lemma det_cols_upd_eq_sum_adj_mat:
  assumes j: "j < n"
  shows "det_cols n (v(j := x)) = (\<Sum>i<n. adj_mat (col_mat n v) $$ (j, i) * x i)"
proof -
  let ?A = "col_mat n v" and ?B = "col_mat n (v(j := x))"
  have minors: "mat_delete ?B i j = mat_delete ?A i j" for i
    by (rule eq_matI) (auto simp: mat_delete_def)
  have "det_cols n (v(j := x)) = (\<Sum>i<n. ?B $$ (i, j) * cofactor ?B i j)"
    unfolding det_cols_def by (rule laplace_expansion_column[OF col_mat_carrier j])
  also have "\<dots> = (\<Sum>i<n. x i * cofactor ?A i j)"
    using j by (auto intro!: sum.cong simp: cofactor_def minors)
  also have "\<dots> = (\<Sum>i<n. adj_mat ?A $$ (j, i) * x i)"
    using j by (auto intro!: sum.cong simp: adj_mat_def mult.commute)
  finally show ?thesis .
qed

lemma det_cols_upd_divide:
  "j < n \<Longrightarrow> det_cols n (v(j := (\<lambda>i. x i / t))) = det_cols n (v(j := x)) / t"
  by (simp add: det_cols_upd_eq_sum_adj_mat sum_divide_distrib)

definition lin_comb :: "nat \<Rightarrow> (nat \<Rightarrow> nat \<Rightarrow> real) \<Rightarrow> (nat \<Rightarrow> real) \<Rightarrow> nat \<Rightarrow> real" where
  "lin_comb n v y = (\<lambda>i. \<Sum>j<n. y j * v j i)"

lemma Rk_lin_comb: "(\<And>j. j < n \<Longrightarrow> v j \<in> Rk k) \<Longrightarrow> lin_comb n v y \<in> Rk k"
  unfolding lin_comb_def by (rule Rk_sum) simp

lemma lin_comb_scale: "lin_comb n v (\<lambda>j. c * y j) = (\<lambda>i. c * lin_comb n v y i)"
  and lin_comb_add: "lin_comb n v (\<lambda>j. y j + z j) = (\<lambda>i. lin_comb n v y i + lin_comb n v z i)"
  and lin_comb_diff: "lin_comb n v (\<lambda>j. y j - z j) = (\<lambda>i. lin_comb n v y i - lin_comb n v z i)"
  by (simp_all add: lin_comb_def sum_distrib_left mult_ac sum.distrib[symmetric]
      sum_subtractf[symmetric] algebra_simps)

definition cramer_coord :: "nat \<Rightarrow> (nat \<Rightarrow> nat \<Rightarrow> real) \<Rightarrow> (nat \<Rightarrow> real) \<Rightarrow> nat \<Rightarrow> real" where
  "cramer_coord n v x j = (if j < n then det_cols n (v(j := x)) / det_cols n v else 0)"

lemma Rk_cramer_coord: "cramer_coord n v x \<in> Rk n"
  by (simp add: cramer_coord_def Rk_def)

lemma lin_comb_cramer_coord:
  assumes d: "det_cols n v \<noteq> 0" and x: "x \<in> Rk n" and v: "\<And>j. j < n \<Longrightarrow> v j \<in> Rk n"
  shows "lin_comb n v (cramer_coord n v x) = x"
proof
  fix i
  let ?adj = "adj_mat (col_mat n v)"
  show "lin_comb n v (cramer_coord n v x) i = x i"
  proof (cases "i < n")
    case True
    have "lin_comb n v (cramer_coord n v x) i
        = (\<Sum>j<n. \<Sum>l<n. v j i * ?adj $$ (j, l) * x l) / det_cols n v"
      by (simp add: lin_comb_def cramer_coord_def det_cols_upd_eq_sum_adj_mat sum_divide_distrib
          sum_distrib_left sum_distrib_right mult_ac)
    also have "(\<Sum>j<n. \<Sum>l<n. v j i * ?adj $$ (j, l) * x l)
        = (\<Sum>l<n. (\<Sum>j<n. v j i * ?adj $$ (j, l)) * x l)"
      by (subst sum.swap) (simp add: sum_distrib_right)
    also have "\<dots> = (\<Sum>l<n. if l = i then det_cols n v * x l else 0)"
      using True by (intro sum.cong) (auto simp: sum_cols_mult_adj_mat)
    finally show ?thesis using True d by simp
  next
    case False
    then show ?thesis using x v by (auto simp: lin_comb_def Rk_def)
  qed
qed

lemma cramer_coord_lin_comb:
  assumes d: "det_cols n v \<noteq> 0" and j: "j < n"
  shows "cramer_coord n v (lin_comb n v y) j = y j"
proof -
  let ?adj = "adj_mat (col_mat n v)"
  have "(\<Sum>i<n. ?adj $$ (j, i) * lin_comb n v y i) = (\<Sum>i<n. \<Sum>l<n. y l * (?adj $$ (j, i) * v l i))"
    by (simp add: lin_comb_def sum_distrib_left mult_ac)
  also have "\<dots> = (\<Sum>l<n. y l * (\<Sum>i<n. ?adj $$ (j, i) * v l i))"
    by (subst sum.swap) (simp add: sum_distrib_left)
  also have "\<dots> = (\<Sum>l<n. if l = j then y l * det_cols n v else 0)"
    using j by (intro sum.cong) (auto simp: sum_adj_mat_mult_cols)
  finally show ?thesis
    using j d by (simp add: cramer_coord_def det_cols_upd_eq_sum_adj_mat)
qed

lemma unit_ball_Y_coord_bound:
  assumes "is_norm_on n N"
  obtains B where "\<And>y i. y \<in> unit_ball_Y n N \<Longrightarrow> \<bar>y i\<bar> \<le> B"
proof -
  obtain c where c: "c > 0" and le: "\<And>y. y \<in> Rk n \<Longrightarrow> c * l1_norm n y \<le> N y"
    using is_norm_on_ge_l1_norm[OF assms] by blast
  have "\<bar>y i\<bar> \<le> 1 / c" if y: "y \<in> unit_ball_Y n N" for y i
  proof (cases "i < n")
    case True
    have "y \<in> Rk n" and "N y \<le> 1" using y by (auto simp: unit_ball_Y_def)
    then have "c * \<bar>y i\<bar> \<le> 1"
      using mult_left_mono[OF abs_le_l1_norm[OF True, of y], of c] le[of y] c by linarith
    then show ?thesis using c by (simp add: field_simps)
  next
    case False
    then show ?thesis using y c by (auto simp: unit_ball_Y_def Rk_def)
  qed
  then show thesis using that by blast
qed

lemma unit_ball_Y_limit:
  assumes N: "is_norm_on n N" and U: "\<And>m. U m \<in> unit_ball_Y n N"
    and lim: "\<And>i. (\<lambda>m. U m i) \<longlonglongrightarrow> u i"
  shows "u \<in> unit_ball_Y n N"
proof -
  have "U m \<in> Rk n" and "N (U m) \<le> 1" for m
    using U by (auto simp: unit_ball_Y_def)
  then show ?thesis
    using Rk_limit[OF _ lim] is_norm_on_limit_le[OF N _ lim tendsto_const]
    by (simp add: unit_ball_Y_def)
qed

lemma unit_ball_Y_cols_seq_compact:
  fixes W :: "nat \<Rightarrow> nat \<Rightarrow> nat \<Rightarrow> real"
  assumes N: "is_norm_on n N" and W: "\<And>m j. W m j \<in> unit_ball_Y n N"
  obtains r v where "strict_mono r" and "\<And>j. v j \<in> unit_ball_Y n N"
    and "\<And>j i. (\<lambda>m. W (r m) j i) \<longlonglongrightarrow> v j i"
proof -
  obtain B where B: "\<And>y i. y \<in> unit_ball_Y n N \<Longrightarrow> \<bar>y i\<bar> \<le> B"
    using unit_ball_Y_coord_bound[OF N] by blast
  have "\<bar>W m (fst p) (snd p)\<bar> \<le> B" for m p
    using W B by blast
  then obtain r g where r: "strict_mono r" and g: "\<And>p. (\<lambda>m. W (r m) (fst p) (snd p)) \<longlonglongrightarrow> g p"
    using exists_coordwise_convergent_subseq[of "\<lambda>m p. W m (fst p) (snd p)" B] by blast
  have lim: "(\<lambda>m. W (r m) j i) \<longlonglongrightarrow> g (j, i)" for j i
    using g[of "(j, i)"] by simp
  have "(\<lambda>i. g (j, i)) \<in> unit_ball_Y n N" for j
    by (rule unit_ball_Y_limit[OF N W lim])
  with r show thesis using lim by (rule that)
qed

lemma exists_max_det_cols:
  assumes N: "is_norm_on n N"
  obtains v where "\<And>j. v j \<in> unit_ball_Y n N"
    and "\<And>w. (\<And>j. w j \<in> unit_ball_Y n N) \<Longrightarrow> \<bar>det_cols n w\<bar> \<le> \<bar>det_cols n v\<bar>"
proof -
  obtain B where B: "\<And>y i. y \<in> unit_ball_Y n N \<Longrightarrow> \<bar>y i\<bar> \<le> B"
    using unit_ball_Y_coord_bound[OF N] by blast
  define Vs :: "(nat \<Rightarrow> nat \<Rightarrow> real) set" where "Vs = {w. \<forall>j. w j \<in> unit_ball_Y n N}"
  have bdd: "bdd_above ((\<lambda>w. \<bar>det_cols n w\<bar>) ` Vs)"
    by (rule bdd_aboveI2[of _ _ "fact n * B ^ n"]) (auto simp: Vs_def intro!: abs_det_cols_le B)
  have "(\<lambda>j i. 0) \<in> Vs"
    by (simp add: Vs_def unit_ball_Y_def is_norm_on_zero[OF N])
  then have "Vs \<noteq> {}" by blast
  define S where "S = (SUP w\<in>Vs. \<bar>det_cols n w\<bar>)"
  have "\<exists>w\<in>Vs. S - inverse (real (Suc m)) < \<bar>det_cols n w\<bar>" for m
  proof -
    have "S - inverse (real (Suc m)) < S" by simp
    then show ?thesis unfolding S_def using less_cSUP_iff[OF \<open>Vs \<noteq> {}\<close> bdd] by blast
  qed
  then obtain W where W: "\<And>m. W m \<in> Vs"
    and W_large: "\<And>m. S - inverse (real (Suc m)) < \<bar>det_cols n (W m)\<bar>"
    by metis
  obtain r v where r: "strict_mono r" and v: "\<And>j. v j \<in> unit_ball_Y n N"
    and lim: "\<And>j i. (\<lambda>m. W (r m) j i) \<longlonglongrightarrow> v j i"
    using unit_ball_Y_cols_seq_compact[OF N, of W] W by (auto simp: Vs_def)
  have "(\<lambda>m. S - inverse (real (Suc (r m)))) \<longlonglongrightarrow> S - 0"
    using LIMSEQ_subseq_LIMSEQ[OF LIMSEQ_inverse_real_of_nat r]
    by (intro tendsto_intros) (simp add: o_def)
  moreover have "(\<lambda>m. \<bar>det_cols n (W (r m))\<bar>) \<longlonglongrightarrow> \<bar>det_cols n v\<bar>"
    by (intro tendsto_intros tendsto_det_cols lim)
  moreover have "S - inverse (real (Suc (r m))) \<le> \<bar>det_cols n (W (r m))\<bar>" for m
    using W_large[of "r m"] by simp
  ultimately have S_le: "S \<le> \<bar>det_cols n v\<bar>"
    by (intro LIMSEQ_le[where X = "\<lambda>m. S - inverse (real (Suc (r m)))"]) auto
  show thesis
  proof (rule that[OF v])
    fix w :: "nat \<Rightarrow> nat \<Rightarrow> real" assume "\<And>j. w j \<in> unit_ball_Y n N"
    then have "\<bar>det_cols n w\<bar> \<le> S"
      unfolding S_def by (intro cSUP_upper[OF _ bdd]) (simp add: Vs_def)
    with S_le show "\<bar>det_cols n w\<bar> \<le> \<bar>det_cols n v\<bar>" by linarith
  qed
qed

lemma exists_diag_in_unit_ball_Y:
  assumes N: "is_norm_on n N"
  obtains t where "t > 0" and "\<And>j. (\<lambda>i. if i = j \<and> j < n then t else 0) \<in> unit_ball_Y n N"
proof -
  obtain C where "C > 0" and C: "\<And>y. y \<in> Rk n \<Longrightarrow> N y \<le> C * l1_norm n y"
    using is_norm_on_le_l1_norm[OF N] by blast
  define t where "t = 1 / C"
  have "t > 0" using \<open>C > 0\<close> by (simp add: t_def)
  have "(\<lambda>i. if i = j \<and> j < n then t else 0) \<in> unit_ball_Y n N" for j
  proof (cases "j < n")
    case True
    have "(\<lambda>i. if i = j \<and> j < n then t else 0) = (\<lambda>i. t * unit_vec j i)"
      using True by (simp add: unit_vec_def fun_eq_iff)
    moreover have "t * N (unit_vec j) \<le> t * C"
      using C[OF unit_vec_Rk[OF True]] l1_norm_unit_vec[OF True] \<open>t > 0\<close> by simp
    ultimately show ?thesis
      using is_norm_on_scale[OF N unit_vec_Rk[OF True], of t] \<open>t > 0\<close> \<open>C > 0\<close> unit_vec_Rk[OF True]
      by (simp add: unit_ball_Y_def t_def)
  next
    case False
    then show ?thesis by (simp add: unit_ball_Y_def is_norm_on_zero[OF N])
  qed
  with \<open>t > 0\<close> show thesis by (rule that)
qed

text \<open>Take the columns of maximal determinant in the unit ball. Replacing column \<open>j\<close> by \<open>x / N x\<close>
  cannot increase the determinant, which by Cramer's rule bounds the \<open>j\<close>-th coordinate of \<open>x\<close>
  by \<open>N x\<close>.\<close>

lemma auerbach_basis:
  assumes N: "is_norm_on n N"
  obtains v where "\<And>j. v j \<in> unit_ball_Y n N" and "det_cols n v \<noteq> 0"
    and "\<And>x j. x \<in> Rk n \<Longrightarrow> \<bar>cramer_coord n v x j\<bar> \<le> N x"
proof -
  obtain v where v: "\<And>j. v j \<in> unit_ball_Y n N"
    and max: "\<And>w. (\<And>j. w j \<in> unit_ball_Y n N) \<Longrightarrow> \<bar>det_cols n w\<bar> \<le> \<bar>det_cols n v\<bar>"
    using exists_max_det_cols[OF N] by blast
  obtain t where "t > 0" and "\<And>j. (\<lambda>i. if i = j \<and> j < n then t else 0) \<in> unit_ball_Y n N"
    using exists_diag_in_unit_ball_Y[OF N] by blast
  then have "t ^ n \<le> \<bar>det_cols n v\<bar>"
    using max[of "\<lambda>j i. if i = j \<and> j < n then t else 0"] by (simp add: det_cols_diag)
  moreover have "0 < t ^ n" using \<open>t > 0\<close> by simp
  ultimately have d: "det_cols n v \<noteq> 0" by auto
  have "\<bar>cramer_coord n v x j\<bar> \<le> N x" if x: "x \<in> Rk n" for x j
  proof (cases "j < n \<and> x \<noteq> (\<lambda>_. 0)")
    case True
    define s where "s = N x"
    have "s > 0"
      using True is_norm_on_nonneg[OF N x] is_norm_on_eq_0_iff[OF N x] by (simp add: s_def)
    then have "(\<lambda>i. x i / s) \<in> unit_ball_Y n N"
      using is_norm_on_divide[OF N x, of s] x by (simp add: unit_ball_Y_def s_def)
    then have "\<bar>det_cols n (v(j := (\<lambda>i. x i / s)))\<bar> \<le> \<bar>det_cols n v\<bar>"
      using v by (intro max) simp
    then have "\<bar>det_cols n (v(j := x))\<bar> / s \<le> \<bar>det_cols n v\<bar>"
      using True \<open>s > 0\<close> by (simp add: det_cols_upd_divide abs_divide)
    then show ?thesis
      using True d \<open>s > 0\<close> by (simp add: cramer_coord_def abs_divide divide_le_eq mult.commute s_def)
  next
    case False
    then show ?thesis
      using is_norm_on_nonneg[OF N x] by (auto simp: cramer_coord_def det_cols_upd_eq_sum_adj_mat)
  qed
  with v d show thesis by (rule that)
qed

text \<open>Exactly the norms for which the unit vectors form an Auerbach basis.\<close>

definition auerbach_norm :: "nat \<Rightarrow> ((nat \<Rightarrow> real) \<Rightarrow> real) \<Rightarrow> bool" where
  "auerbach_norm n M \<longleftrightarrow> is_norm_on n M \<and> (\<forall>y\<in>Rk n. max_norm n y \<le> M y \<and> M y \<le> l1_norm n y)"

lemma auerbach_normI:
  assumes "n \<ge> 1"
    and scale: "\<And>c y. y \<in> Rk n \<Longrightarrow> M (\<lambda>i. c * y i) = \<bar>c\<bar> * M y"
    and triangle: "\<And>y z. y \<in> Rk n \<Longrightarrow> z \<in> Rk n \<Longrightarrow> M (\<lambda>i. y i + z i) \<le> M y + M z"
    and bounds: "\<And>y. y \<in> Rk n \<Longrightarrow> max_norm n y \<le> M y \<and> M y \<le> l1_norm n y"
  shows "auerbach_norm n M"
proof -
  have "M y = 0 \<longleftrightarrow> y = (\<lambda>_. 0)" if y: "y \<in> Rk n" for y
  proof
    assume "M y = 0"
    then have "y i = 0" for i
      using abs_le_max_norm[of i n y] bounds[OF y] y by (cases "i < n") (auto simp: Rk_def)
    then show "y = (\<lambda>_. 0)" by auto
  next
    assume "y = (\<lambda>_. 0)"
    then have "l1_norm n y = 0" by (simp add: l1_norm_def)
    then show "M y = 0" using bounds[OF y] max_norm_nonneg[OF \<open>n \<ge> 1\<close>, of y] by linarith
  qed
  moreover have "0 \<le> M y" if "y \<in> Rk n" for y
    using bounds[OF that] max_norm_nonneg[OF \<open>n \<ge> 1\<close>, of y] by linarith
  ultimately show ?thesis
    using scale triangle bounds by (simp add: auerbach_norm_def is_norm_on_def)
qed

........

• _WHAT IS EXPECTED_
Anywhere the listing shows the word "text", copy the full line.

• _RESULT_
text \<open>Take the columns of maximal determinant in the unit ball. Replacing column \<open>j\<close> by \<open>x / N x\<close>
text \<open>Exactly the norms for which the unit vectors form an Auerbach basis.\<close>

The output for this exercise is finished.